A term of great honour

15 January, 2023 Second Sunday, Year A

Some people today may be puzzled by John the Baptist referring to Jesus in today’s gospel as the “lamb of God”, since for most of us the lambs we see in the paddocks are cute, but weak and vulnerable to predators. You don’t hear of nations, or even sporting teams, adopting ‘lambs’ as their emblem. Why should John identify “the Chosen One of God” as the “lamb of God”?


The people for whom John was writing would have heard the “lamb of God” very differently to us. For those familiar with the Old Testament, the term “lamb of God” had extremely powerful resonances, especially in the suffering servant passages in Isaiah, as well as in the Exodus from Egypt.


Recall how Isaiah gives an astonishing account of the suffering servant who is beaten, arrested and put to death: “Like a lamb about to be slaughtered, like a sheep about to be sheared, he never said a word.” Yet by his endurance we are saved and forgiven by God (53:7).


Again at the Exodus from Egypt, we read of God sending a destroying angel to kill all the first born in the land, of people and animals, to force Pharaoh to release the Israelites from their bondage. Moses instructs the Israelites to take the blood of a lamb or kid and put it on the doorpost overnight to protect them from the angel of death (Ex. 12). This Passover became a defining feast for the Jewish people ever after, and it resonates in our Christian Eucharist as well.
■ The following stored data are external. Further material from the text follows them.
text \<open>Chernoff: on the event L <= L' the density L is at most L'^alpha L^(1-alpha).\<close>
lemma emeasure_likelihood_test_le_prod_affinity:
  fixes g g' :: "'i \<Rightarrow> 'b \<Rightarrow> real"
  assumes fin: "finite I" and sf: "sigma_finite_measure \<mu>" and \<alpha>: "0 < \<alpha>" "\<alpha> < 1"
    and gm: "\<And>i. i \<in> I \<Longrightarrow> g i \<in> borel_measurable \<mu>"
    and gm': "\<And>i. i \<in> I \<Longrightarrow> g' i \<in> borel_measurable \<mu>"
    and gn: "\<And>i y. i \<in> I \<Longrightarrow> 0 \<le> g i y"
  shows "emeasure (density (PiM I (\<lambda>_. \<mu>)) (\<lambda>y. ennreal (\<Prod>i\<in>I. g i (y i))))
           {y \<in> space (PiM I (\<lambda>_. \<mu>)). (\<Prod>i\<in>I. g i (y i)) \<le> (\<Prod>i\<in>I. g' i (y i))}
         \<le> (\<Prod>i\<in>I. \<integral>\<^sup>+ z. ennreal (g' i z powr \<alpha> * g i z powr (1 - \<alpha>)) \<partial>\<mu>)"
proof -
  let ?P = "PiM I (\<lambda>_. \<mu>)"
  let ?L = "\<lambda>y. \<Prod>i\<in>I. g i (y i)" and ?L' = "\<lambda>y. \<Prod>i\<in>I. g' i (y i)"
  let ?A = "{y \<in> space ?P. ?L y \<le> ?L' y}"
  interpret product_sigma_finite "\<lambda>_. \<mu>"
    by (rule product_sigma_finite.intro) (rule sf)
  have [measurable]: "?L \<in> borel_measurable ?P" "?L' \<in> borel_measurable ?P"
    using borel_measurable_prod_components[OF fin] gm gm' by auto
  have "emeasure (density ?P (\<lambda>y. ennreal (?L y))) ?A = (\<integral>\<^sup>+ y. ennreal (?L y) * indicator ?A y \<partial>?P)"
    by (rule emeasure_density) measurable
  also have "\<dots> \<le> (\<integral>\<^sup>+ y. (\<Prod>i\<in>I. ennreal (g' i (y i) powr \<alpha> * g i (y i) powr (1 - \<alpha>))) \<partial>?P)"
  proof (rule nn_integral_mono)
    fix y
    have "?L y * indicator ?A y \<le> ?L' y powr \<alpha> * ?L y powr (1 - \<alpha>)"
      using le_powr_mult_powr[OF _ _ \<alpha>, of "?L y" "?L' y"] gn
      by (auto simp: indicator_def intro: prod_nonneg)
    also have "\<dots> = (\<Prod>i\<in>I. g' i (y i) powr \<alpha> * g i (y i) powr (1 - \<alpha>))"
      by (simp add: prod_powr_distrib prod.distrib)
    finally have le: "?L y * indicator ?A y \<le> (\<Prod>i\<in>I. g' i (y i) powr \<alpha> * g i (y i) powr (1 - \<alpha>))" .
    have "ennreal (?L y) * indicator ?A y = ennreal (?L y * indicator ?A y)"
      by (simp add: indicator_def)
    also have "\<dots> \<le> ennreal (\<Prod>i\<in>I. g' i (y i) powr \<alpha> * g i (y i) powr (1 - \<alpha>))"
      using le by (rule ennreal_leI)
    also have "\<dots> = (\<Prod>i\<in>I. ennreal (g' i (y i) powr \<alpha> * g i (y i) powr (1 - \<alpha>)))"
      by (rule prod_ennreal[symmetric]) simp
    finally show "ennreal (?L y) * indicator ?A y
        \<le> (\<Prod>i\<in>I. ennreal (g' i (y i) powr \<alpha> * g i (y i) powr (1 - \<alpha>)))" .
  qed
  also have "\<dots> = (\<Prod>i\<in>I. \<integral>\<^sup>+ z. ennreal (g' i z powr \<alpha> * g i z powr (1 - \<alpha>)) \<partial>\<mu>)"
    by (rule product_nn_integral_prod[OF fin]) (use gm gm' in measurable)
  finally show ?thesis .
qed

lemma prob_space_density_integral_eq_1:
  assumes fm: "f \<in> borel_measurable \<mu>" and fn: "\<And>y. 0 \<le> f y"
    and fp: "prob_space (density \<mu> (\<lambda>y. ennreal (f y)))"
  shows "integrable \<mu> f" "(\<integral>y. f y \<partial>\<mu>) = 1"
proof -
  have "(\<integral>\<^sup>+ y. ennreal (f y) \<partial>\<mu>) = (\<integral>\<^sup>+ y. ennreal (f y) * indicator (space \<mu>) y \<partial>\<mu>)"
    by (rule nn_integral_cong) simp
  also have "\<dots> = emeasure (density \<mu> (\<lambda>y. ennreal (f y))) (space \<mu>)"
    using fm by (simp add: emeasure_density)
  also have "\<dots> = ennreal 1"
    using prob_space.emeasure_space_1[OF fp] by simp
  finally have "integrable \<mu> f \<and> integral\<^sup>L \<mu> f = 1"
    using nn_integral_eq_integrable[OF fm _ zero_le_one] fn by simp
  then show "integrable \<mu> f" "(\<integral>y. f y \<partial>\<mu>) = 1" by auto
qed

lemma
  fixes p q :: "'b \<Rightarrow> real"
  assumes \<alpha>: "0 < \<alpha>" "\<alpha> < 1"
    and pm: "p \<in> borel_measurable \<mu>" and pn: "\<And>y. 0 \<le> p y"
    and pp: "prob_space (density \<mu> (\<lambda>y. ennreal (p y)))"
    and qm: "q \<in> borel_measurable \<mu>" and qn: "\<And>y. 0 \<le> q y"
    and qp: "prob_space (density \<mu> (\<lambda>y. ennreal (q y)))"
  shows nn_integral_hellinger_affinity:
      "(\<integral>\<^sup>+ y. ennreal (p y powr \<alpha> * q y powr (1 - \<alpha>)) \<partial>\<mu>)
         = ennreal (\<integral>y. p y powr \<alpha> * q y powr (1 - \<alpha>) \<partial>\<mu>)"
    and hellinger_affinity_nonneg: "0 \<le> (\<integral>y. p y powr \<alpha> * q y powr (1 - \<alpha>) \<partial>\<mu>)"
proof -
  have "integrable \<mu> (\<lambda>y. p y powr \<alpha> * q y powr (1 - \<alpha>))"
  proof (rule Bochner_Integration.integrable_bound)
    show "integrable \<mu> (\<lambda>y. p y + q y)"
      using prob_space_density_integral_eq_1(1) pm pn pp qm qn qp by auto
    show "AE y in \<mu>. norm (p y powr \<alpha> * q y powr (1 - \<alpha>)) \<le> norm (p y + q y)"
      using powr_mult_powr_le_add[OF pn qn \<alpha>] pn qn by (simp add: add_nonneg_nonneg)
  qed (use pm qm in measurable)
  then show "(\<integral>\<^sup>+ y. ennreal (p y powr \<alpha> * q y powr (1 - \<alpha>)) \<partial>\<mu>)
      = ennreal (\<integral>y. p y powr \<alpha> * q y powr (1 - \<alpha>) \<partial>\<mu>)"
    by (simp add: nn_integral_eq_integral)
  show "0 \<le> (\<integral>y. p y powr \<alpha> * q y powr (1 - \<alpha>) \<partial>\<mu>)"
    by (rule Bochner_Integration.integral_nonneg) simp
qed

lemma hellinger_affinity_self:
  assumes pm: "p \<in> borel_measurable \<mu>" and pn: "\<And>y. 0 \<le> p y"
    and pp: "prob_space (density \<mu> (\<lambda>y. ennreal (p y)))"
  shows "(\<integral>y. p y powr \<alpha> * p y powr (1 - \<alpha>) \<partial>\<mu>) = 1"
proof -
  have "p y powr \<alpha> * p y powr (1 - \<alpha>) = p y" for y
    using pn[of y] by (cases "p y = 0") (auto simp: powr_add[symmetric])
  then show ?thesis using prob_space_density_integral_eq_1(2)[OF pm pn pp] by simp
qed

lemma emeasure_likelihood_test_le_exp_disagreements:
  fixes \<mu> :: "'b measure" and f :: "nat \<Rightarrow> 'b \<Rightarrow> real" and a b :: "'e \<Rightarrow> nat"
  assumes fin: "finite E" and sf: "sigma_finite_measure \<mu>" and \<alpha>: "0 < \<alpha>" "\<alpha> < 1"
    and fm: "\<And>l. l < M \<Longrightarrow> f l \<in> borel_measurable \<mu>"
    and fn: "\<And>l y. l < M \<Longrightarrow> 0 \<le> f l y"
    and fp: "\<And>l. l < M \<Longrightarrow> prob_space (density \<mu> (\<lambda>y. ennreal (f l y)))"
    and aM: "\<And>e. e \<in> E \<Longrightarrow> a e < M" and bM: "\<And>e. e \<in> E \<Longrightarrow> b e < M"
    and h: "\<And>l k. l < M \<Longrightarrow> k < M \<Longrightarrow> l \<noteq> k \<Longrightarrow> h \<le> (1 - \<alpha>) * hel \<mu> (f l) (f k) \<alpha>"
  shows "emeasure (density (PiM E (\<lambda>_. \<mu>)) (\<lambda>y. ennreal (\<Prod>e\<in>E. f (a e) (y e))))
           {y \<in> space (PiM E (\<lambda>_. \<mu>)). (\<Prod>e\<in>E. f (a e) (y e)) \<le> (\<Prod>e\<in>E. f (b e) (y e))}
         \<le> ennreal (exp (-h) ^ card {e\<in>E. a e \<noteq> b e})"
proof -
  let ?\<rho> = "\<lambda>e. \<integral>z. f (b e) z powr \<alpha> * f (a e) z powr (1 - \<alpha>) \<partial>\<mu>"
  have \<rho>: "(\<integral>\<^sup>+ z. ennreal (f (b e) z powr \<alpha> * f (a e) z powr (1 - \<alpha>)) \<partial>\<mu>) = ennreal (?\<rho> e)"
    "0 \<le> ?\<rho> e" "?\<rho> e \<le> (if a e \<noteq> b e then exp (-h) else 1)" if e: "e \<in> E" for e
  proof -
    note fa = fm[OF aM[OF e]] fn[OF aM[OF e]] fp[OF aM[OF e]]
    note fb = fm[OF bM[OF e]] fn[OF bM[OF e]] fp[OF bM[OF e]]
    show "(\<integral>\<^sup>+ z. ennreal (f (b e) z powr \<alpha> * f (a e) z powr (1 - \<alpha>)) \<partial>\<mu>) = ennreal (?\<rho> e)"
      by (rule nn_integral_hellinger_affinity[OF \<alpha> fb fa])
    show "0 \<le> ?\<rho> e"
      by (rule hellinger_affinity_nonneg[OF \<alpha> fb fa])
    show "?\<rho> e \<le> (if a e \<noteq> b e then exp (-h) else 1)"
    proof (cases "a e = b e")
      case True
      then show ?thesis using hellinger_affinity_self[OF fa] by simp
    next
      case False
      have "?\<rho> e = 1 - (1 - \<alpha>) * hel \<mu> (f (b e)) (f (a e)) \<alpha>"
        using \<alpha> by (simp add: hel_def)
      also have "\<dots> \<le> 1 - h" using h[OF bM[OF e] aM[OF e]] False by simp
      also have "\<dots> \<le> exp (-h)" using exp_ge_add_one_self[of "-h"] by simp
      finally show ?thesis using False by simp
    qed
  qed
  have "emeasure (density (PiM E (\<lambda>_. \<mu>)) (\<lambda>y. ennreal (\<Prod>e\<in>E. f (a e) (y e))))
           {y \<in> space (PiM E (\<lambda>_. \<mu>)). (\<Prod>e\<in>E. f (a e) (y e)) \<le> (\<Prod>e\<in>E. f (b e) (y e))}
        \<le> (\<Prod>e\<in>E. \<integral>\<^sup>+ z. ennreal (f (b e) z powr \<alpha> * f (a e) z powr (1 - \<alpha>)) \<partial>\<mu>)"
    by (rule emeasure_likelihood_test_le_prod_affinity[OF fin sf \<alpha>]) (use fm fn aM bM in auto)
  also have "\<dots> = ennreal (\<Prod>e\<in>E. ?\<rho> e)"
    using \<rho>(1,2) by (simp add: prod_ennreal)
  also have "\<dots> \<le> ennreal (\<Prod>e\<in>E. if a e \<noteq> b e then exp (-h) else 1)"
    using \<rho> by (intro ennreal_leI prod_mono) auto
  also have "(\<Prod>e\<in>E. if a e \<noteq> b e then exp (-h) else 1) = exp (-h) ^ card {e\<in>E. a e \<noteq> b e}"
    by (simp add: prod.If_cases[OF fin] Int_def)
  finally show ?thesis .
qed

definition nontrivial_subsets :: "'a set \<Rightarrow> 'a set set" where
  "nontrivial_subsets V = {S. S \<noteq> {} \<and> S \<subset> V}"

definition bichromatic :: "(nat \<times> nat) set \<Rightarrow> (nat \<Rightarrow> 'c) \<Rightarrow> nat" where
  "bichromatic E z = card {e\<in>E. z (fst e) \<noteq> z (snd e)}"

definition nonconstant_colourings :: "nat set \<Rightarrow> 'c set \<Rightarrow> (nat \<Rightarrow> 'c) set" where
  "nonconstant_colourings V C = {z \<in> V \<rightarrow>\<^sub>E C. \<forall>g\<in>C. \<exists>i\<in>V. z i \<noteq> g}"

lemma finite_nontrivial_subsets: "finite V \<Longrightarrow> finite (nontrivial_subsets V)"
  unfolding nontrivial_subsets_def by (rule finite_subset[of _ "Pow V"]) auto

lemma mincut_le_cut_size:
  assumes "finite V" "S \<in> nontrivial_subsets V"
  shows "mincut V E \<le> cut_size E S"
proof -
  have "{cut_size E S | S. S \<noteq> {} \<and> S \<subset> V} \<subseteq> cut_size E ` Pow V" by auto
  then have "finite {cut_size E S | S. S \<noteq> {} \<and> S \<subset> V}"
    using assms(1) by (meson finite_Pow_iff finite_imageI finite_subset)
  then show ?thesis
    unfolding mincut_def by (rule Min_le) (use assms(2) in \<open>auto simp: nontrivial_subsets_def\<close>)
qed

lemma cut_size_le_card: "finite E \<Longrightarrow> cut_size E S \<le> card E"
  unfolding cut_size_def by (intro card_mono) auto

lemma finite_cut_nbhd: "finite V \<Longrightarrow> finite (cut_nbhd V E k)"
  unfolding cut_nbhd_def by (rule finite_subset[of _ "Pow V"]) auto

lemma card_cut_nbhd_bounds:
  assumes "finite V"
  shows "1 \<le> card (cut_nbhd V E k)" "card (cut_nbhd V E k) \<le> 2 ^ card V"
proof -
  have sub: "cut_nbhd V E k \<subseteq> Pow V" by (auto simp: cut_nbhd_def)
  have "finite (cut_nbhd V E k)" using assms by (rule finite_cut_nbhd)
  moreover have "{} \<in> cut_nbhd V E k" by (simp add: cut_nbhd_def cut_size_def)
  ultimately show "1 \<le> card (cut_nbhd V E k)" by (metis card_0_eq empty_iff less_one not_le)
  show "card (cut_nbhd V E k) \<le> 2 ^ card V"
    using card_mono[OF _ sub] assms by (simp add: card_Pow)
qed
So for us the “lamb of God” is indeed a term of great honour, not one of weakness but of incredible endurance and commitment by God in Jesus to our wellbeing and salvation. The symbol of the lamb is not one of threat or violence, but of innocence and solidarity with those in suffering.


Curiously in John’s gospel, there is no mention of him baptising Jesus. John even says he did not know Jesus, but recognised him from the sign of the Spirit descending on him. John speaks as a prophet witnessing to the true identity of Jesus as the Chosen One who takes away “the sin of the world”, the primordial disorder in all creation and in us.
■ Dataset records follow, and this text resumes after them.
lemma pivots_vanish_inverse_rotations:
    "plane_rotations n L \<Longrightarrow> hermitian_mat n X \<Longrightarrow> zero_diag n X \<Longrightarrow> pivots_vanish n L X \<Longrightarrow>
  pivots_vanish n (inverse_rotations L) (apply_rotations n L X) \<and> mat_eq n
      (apply_rotations n (inverse_rotations L) (apply_rotations n L X)) X"
proof (induction L arbitrary: X)
  case Nil then show ?case by (simp add: inverse_rotations_def mat_eq_def)
next
  case (Cons a L0)
  obtain p q G where a: "a = ((p,q),G)" by (metis prod.collapse)
  have r: "plane_rotation n p q G" "plane_rotations n L0" using Cons.prems(1) a by auto
  have pq: "in_plane n p q G" "p \<in> {1..n}" "q \<in> {1..n}" "p \<noteq> q"
    using plane_rotation_in_plane[OF r(1)] plane_rotation_range[OF r(1)] by auto
  have x: "X p q = 0" "pivots_vanish n L0 (congr_mat n G X)" using Cons.prems(4) a by auto
  define X1 where "X1 = congr_mat n G X"
  have h1: "hermitian_mat n X1" unfolding X1_def by (rule hermitian_congr_mat[OF Cons.prems(2)])
  have z1: "zero_diag n X1" unfolding X1_def
    by (rule zero_diag_congr_mat[OF pq Cons.prems(2,3) x(1)])
  have IH: "pivots_vanish n (inverse_rotations L0) (apply_rotations n L0 X1)"
      "mat_eq n (apply_rotations n (inverse_rotations L0) (apply_rotations n L0 X1)) X1"
    using Cons.IH[OF r(2) h1 z1] x(2) unfolding X1_def by auto
  have aL: "inverse_rotations (a # L0) = inverse_rotations L0 @ [((p,q), adj G)]"
    unfolding inverse_rotations_def a by simp
  have rl: "apply_rotations n (a # L0) X = apply_rotations n L0 X1" unfolding a X1_def by simp
  have X1pq: "X1 p q = 0"
  proof -
    have "X p p = 0" "X q q = 0" using Cons.prems(3) pq by (auto simp: zero_diag_def)
    then show ?thesis unfolding X1_def
      using congr_mat_block_zero[OF pq pq(2,3) _ _ _ _ x(1)
          hermitian_zero_swap[OF Cons.prems(2) pq(2,3) x(1)]]
      by simp
  qed
  have "apply_rotations n (inverse_rotations L0) (apply_rotations n L0 X1) p q = 0"
    using IH(2) X1pq pq unfolding mat_eq_def by auto
  then have zpa: "pivots_vanish n (inverse_rotations (a # L0)) (apply_rotations n (a # L0) X)"
    unfolding aL rl pivots_vanish_append using IH(1) by simp
  have "apply_rotations n (inverse_rotations (a # L0)) (apply_rotations n (a # L0) X) =
      congr_mat n (adj G) (apply_rotations n (inverse_rotations L0) (apply_rotations n L0 X1))"
    unfolding aL rl apply_rotations_append by simp
  also have "\<dots> = congr_mat n (adj G) X1" by (rule congr_mat_cong[OF IH(2)])
  finally have "mat_eq n
      (apply_rotations n (inverse_rotations (a # L0)) (apply_rotations n (a # L0) X)) X"
    using congr_mat_adj_cancel[OF plane_rotation_unitary_adj[OF r(1)], of X] unfolding X1_def
    by simp
  then show ?case using zpa by simp
qed

lemma zero_forcing_rev:
  assumes g: "zero_forcing n ps" shows "zero_forcing n (rev ps)"
proof (rule zero_forcingI)
  fix L X assume m: "map fst L = rev ps" and r: "plane_rotations n L" and h: "hermitian_mat n X"
    and z: "zero_diag n X" and zz: "pivots_vanish n L X"
  have m': "map fst (inverse_rotations L) = ps" unfolding inverse_rotations_def using m
    by (simp add: rev_map[symmetric] case_prod_beta comp_def)
  have r': "plane_rotations n (inverse_rotations L)" using r
    unfolding plane_rotations_def inverse_rotations_def
    by (auto simp: plane_rotation_adj case_prod_beta)
  have hz: "hermitian_mat n (apply_rotations n L X) \<and> zero_diag n (apply_rotations n L X)"
    by (rule pivots_vanish_preserves[OF r h z zz])
  have "pivots_vanish n (inverse_rotations L) (apply_rotations n L X)"
    using pivots_vanish_inverse_rotations[OF r h z zz] by simp
  then have "zero_mat n (apply_rotations n L X)" using zero_forcingD[OF g m' r'] hz by blast
  then show "zero_mat n X" by (rule zero_mat_apply_rotations[OF r])
qed

definition relabel :: "(nat \<Rightarrow> nat) \<Rightarrow> cmat \<Rightarrow> cmat" where
  "relabel q A = (\<lambda>r s. A (inv q r) (inv q s))"

definition relabel_pair :: "(nat \<Rightarrow> nat) \<Rightarrow> nat \<times> nat \<Rightarrow> nat \<times> nat" where
  "relabel_pair q = (\<lambda>(i,j). (min (q i) (q j), max (q i) (q j)))"

lemma mmult_relabel: assumes q: "q permutes {1..n}"
  shows "mmult n (relabel q A) (relabel q B) = relabel q (mmult n A B)"
proof (intro ext)
  fix r s
  have "mmult n A B (inv q r) (inv q s) = (\<Sum>u\<in>{1..n}. A (inv q r) u * B u (inv q s))"
    unfolding mmult_def ..
  also have "\<dots> = (\<Sum>t\<in>{1..n}. A (inv q r) (inv q t) * B (inv q t) (inv q s))"
    by (subst sum.permute[OF permutes_inv[OF q]], simp add: comp_def)
  finally show "mmult n (relabel q A) (relabel q B) r s = relabel q (mmult n A B) r s"
    unfolding relabel_def mmult_def by simp
qed

lemma adj_relabel: "adj (relabel q A) = relabel q (adj A)" unfolding adj_def relabel_def by simp

lemma congr_mat_relabel: "q permutes {1..n} \<Longrightarrow>
    congr_mat n (relabel q G) (relabel q X) = relabel q (congr_mat n G X)"
  unfolding congr_mat_def adj_relabel by (simp add: mmult_relabel)

lemma permutes_inv_in: "q permutes {1..n} \<Longrightarrow> r \<in> {1..n} \<Longrightarrow> inv q r \<in> {1..n}"
  by (metis permutes_in_image permutes_inv)

lemma hermitian_relabel: "q permutes {1..n} \<Longrightarrow> hermitian_mat n X \<Longrightarrow> hermitian_mat n (relabel q X)"
  unfolding hermitian_mat_def relabel_def using permutes_inv_in by blast

lemma zero_diag_relabel: "q permutes {1..n} \<Longrightarrow> zero_diag n X \<Longrightarrow> zero_diag n (relabel q X)"
  unfolding zero_diag_def relabel_def using permutes_inv_in by blast

lemma zero_mat_relabel: assumes q: "q permutes {1..n}" and z: "zero_mat n (relabel q X)"
  shows "zero_mat n X"
  unfolding zero_mat_def
proof (intro ballI)
  fix a b assume ab: "a \<in> {1..n}" "b \<in> {1..n}"
  have "q a \<in> {1..n}" "q b \<in> {1..n}" using ab q by (metis permutes_in_image)+
  then have "relabel q X (q a) (q b) = 0" using z unfolding zero_mat_def by blast
  then show "X a b = 0" unfolding relabel_def using permutes_inverses(2)[OF q] by simp
qed

lemma idm_permutes_inv: "q permutes S \<Longrightarrow> idm (inv q r) (inv q s) = idm r s"
  unfolding idm_def by (metis permutes_inverses(1))

lemma plane_rotation_relabel: assumes q: "q permutes {1..n}" and G: "plane_rotation n a b G"
  shows "plane_rotation n (fst (relabel_pair q (a,b))) (snd (relabel_pair q (a,b))) (relabel q G)"
proof -
  have ab: "a \<in> {1..n}" "b \<in> {1..n}" "a \<noteq> b" using plane_rotation_range[OF G] by auto
  have qab: "q a \<in> {1..n}" "q b \<in> {1..n}" "q a \<noteq> q b"
    using ab q by (metis permutes_in_image, metis permutes_in_image, metis permutes_inverses(2))
  have iq: "inv q (q a) = a" "inv q (q b) = b" using permutes_inverses(2)[OF q] by auto
  have unitary: "unitary_mat n (relabel q A)" if A: "unitary_mat n A" for A
    unfolding unitary_mat_def adj_relabel mmult_relabel[OF q]
  proof (intro ballI)
    fix r s assume "r \<in> {1..n}" "s \<in> {1..n}"
    then show "relabel q (mmult n (adj A) A) r s = idm r s"
      using A permutes_inv_in[OF q] idm_permutes_inv[OF q] unfolding unitary_mat_def relabel_def
      by metis
  qed
  have u: "unitary_mat n (relabel q G)" "unitary_mat n (adj (relabel q G))"
    using G unitary unfolding plane_rotation_def adj_relabel by auto
  have ip: "in_plane n (q a) (q b) (relabel q G)"
    unfolding in_plane_def relabel_def
  proof (intro ballI impI)
    fix r s assume rs: "r \<in> {1..n}" "s \<in> {1..n}" and o: "r \<notin> {q a, q b} \<or> s \<notin> {q a, q b}"
    have k: "x \<in> {q a, q b}" if "inv q x \<in> {a,b}" for x
      using that permutes_inverses(1)[OF q, of x] by auto
    have o': "inv q r \<notin> {a, b} \<or> inv q s \<notin> {a, b}" using o k by blast
    show "G (inv q r) (inv q s) = idm r s"
      using plane_rotation_in_plane[OF G] o' permutes_inv_in[OF q rs(1)] permutes_inv_in[OF q rs(2)]
          idm_permutes_inv[OF q]
      unfolding in_plane_def by metis
  qed
  have d: "relabel q G (q a) (q a) \<noteq> 0" "relabel q G (q b) (q b) \<noteq> 0"
    unfolding relabel_def iq using G unfolding plane_rotation_def by auto
  have ip': "in_plane n (min (q a) (q b)) (max (q a) (q b)) (relabel q G)"
    using ip unfolding in_plane_def by (simp add: min_def max_def insert_commute)
  show ?thesis unfolding relabel_pair_def using qab u ip' d unfolding plane_rotation_def
    by (auto simp: min_def max_def)
qed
John witnesses the Holy Spirit coming down on Jesus, but the Spirit is not for Jesus alone. Jesus will baptise with the Holy Spirit, and so the Spirit will be alive in all the followers of Jesus.


John is intent on showing how the same Holy Spirit in Jesus is the very same Spirit animating the small and seemingly insignificant Christian communities of his day. He is urging the followers of Jesus to allow God’s Spirit to nudge them to be good news, with the ‘lamb of God’ as their emblem, capturing God’s intense personal commitment to our wellbeing, and calling us to a similar commitment to others.